• To do
Determine how many lines below include the string "also". Reply with the number only.

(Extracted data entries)

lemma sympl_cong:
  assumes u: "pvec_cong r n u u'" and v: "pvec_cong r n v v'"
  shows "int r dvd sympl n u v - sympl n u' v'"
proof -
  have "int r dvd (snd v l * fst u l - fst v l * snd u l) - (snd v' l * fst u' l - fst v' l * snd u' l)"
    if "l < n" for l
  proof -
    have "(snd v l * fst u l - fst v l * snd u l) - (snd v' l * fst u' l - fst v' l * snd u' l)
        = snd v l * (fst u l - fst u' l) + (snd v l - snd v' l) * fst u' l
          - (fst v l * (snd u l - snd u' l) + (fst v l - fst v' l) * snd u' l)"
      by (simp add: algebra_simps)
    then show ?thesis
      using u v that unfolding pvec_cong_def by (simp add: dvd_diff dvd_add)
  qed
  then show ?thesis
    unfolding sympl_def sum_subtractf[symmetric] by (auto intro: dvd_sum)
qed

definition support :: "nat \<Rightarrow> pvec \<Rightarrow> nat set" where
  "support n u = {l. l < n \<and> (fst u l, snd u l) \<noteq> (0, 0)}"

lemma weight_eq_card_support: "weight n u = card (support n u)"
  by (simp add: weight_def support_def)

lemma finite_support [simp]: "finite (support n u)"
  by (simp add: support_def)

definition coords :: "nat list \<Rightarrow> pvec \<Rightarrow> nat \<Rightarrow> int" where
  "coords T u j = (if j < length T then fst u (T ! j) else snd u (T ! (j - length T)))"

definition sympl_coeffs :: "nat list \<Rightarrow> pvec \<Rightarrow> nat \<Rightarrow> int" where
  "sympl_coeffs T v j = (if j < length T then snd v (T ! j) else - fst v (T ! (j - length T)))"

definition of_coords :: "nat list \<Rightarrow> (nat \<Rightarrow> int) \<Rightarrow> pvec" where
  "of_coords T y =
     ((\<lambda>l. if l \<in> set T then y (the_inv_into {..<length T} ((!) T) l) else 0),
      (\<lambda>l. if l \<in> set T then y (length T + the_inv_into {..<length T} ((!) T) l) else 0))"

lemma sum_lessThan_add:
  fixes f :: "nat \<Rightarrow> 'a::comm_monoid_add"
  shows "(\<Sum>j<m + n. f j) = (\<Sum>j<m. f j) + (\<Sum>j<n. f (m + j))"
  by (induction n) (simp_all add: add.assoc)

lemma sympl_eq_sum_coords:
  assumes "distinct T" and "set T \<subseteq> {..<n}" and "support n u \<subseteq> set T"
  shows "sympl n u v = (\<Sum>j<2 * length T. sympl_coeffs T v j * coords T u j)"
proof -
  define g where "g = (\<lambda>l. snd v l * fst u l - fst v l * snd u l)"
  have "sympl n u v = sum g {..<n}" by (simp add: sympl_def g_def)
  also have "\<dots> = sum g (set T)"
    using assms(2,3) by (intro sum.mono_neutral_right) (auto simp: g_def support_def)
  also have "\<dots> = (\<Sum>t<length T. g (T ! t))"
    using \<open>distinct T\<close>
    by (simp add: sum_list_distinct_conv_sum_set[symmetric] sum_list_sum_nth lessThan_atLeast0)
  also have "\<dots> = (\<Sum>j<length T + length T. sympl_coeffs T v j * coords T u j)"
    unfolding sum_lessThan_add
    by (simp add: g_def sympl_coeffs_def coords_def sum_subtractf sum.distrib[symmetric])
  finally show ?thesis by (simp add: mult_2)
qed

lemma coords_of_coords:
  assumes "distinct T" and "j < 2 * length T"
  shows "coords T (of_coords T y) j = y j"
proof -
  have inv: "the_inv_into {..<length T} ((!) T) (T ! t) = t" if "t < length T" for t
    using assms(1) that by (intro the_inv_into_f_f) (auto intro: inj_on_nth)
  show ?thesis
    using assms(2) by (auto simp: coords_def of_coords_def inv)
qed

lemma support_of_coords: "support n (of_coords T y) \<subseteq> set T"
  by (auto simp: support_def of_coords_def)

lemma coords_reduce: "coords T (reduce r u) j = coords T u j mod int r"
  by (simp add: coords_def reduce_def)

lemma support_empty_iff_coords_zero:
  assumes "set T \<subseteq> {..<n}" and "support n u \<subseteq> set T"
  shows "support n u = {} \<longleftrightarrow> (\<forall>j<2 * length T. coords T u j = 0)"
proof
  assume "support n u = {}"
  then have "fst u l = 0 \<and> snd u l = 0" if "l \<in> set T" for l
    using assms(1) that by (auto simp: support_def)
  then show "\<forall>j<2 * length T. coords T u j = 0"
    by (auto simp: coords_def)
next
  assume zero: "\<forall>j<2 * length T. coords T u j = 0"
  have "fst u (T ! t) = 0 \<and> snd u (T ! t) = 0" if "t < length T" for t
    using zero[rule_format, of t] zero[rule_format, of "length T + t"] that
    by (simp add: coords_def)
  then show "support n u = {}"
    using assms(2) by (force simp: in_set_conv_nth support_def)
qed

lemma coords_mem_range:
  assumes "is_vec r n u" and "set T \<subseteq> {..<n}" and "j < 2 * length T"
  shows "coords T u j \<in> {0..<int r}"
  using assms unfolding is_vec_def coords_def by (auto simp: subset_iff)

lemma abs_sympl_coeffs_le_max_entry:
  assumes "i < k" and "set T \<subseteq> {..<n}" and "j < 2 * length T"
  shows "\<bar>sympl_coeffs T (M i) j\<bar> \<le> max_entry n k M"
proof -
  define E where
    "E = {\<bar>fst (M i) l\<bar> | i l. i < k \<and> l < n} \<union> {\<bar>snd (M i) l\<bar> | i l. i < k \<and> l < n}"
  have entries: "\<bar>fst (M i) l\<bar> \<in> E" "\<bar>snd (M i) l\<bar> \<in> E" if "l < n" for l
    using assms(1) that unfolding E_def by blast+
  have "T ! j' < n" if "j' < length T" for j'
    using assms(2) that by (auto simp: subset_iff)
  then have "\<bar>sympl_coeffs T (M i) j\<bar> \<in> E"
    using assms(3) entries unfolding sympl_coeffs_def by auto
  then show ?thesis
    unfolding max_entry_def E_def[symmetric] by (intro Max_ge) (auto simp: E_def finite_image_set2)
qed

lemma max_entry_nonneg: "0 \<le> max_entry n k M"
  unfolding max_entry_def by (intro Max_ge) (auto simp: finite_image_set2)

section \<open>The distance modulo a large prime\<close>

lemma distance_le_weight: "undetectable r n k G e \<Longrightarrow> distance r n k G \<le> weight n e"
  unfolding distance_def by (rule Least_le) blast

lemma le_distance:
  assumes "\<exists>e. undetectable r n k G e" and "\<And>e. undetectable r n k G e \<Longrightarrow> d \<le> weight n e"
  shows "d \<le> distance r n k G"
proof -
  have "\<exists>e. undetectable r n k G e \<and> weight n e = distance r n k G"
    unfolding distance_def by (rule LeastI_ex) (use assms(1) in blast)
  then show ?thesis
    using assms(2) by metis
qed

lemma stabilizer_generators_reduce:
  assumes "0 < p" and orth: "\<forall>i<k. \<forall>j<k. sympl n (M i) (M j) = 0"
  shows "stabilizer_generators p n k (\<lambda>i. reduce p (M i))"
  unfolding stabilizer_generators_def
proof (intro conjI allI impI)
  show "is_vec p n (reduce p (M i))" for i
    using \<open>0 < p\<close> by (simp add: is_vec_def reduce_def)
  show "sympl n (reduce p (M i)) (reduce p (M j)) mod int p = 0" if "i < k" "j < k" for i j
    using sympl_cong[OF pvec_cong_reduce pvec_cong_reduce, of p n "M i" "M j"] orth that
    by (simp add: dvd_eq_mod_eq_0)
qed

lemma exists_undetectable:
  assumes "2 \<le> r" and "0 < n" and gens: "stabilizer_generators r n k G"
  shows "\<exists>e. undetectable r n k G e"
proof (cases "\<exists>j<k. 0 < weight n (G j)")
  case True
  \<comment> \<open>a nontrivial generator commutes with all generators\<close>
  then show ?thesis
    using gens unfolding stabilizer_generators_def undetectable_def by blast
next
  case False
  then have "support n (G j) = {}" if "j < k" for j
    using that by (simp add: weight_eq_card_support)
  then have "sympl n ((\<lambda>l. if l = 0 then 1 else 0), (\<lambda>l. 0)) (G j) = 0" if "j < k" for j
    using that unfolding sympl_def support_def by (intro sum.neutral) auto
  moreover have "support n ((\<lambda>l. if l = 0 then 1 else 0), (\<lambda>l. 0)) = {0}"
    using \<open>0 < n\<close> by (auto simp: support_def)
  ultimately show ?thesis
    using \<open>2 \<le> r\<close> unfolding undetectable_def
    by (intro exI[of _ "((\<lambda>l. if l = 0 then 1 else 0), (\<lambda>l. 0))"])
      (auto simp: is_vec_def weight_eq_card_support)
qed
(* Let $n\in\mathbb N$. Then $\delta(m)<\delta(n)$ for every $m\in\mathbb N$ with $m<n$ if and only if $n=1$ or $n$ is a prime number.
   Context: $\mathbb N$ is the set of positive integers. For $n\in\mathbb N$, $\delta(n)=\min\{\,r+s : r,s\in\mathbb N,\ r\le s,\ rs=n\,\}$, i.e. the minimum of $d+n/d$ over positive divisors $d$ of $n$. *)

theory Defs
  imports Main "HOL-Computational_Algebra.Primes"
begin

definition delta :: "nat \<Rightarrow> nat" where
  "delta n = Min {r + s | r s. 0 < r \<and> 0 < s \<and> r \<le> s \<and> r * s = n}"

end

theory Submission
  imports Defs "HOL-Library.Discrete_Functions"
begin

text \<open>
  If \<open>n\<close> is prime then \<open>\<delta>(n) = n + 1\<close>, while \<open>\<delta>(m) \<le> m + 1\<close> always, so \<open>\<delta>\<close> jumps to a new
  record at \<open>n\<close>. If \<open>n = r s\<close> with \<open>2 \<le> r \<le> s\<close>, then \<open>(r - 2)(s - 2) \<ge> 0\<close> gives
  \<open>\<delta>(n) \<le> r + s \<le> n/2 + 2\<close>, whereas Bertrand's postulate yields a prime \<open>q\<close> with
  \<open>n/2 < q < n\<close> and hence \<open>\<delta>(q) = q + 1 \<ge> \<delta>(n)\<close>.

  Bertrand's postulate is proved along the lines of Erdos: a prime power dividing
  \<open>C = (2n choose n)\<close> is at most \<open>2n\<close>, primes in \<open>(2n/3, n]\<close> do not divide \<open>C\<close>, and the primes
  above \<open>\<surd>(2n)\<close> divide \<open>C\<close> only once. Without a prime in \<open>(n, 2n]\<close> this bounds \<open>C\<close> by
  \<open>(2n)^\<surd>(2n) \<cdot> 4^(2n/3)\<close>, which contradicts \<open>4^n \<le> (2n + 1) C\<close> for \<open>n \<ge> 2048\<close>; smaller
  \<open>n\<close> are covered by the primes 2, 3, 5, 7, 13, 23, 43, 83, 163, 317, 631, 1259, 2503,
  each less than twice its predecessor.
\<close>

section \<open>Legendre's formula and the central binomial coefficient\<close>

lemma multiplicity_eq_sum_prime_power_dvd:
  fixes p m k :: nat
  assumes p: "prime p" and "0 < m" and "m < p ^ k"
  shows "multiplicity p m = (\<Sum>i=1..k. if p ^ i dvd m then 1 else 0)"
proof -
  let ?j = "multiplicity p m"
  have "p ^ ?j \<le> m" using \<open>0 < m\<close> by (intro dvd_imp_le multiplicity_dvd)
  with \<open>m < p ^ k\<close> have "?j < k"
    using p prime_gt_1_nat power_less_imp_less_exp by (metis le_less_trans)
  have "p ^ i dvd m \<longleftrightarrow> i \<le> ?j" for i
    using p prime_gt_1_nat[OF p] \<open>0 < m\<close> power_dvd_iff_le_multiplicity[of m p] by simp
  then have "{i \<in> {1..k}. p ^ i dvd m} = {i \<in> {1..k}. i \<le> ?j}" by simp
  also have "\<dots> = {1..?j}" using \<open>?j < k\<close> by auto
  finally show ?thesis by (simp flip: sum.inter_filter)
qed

• Exercise answer
4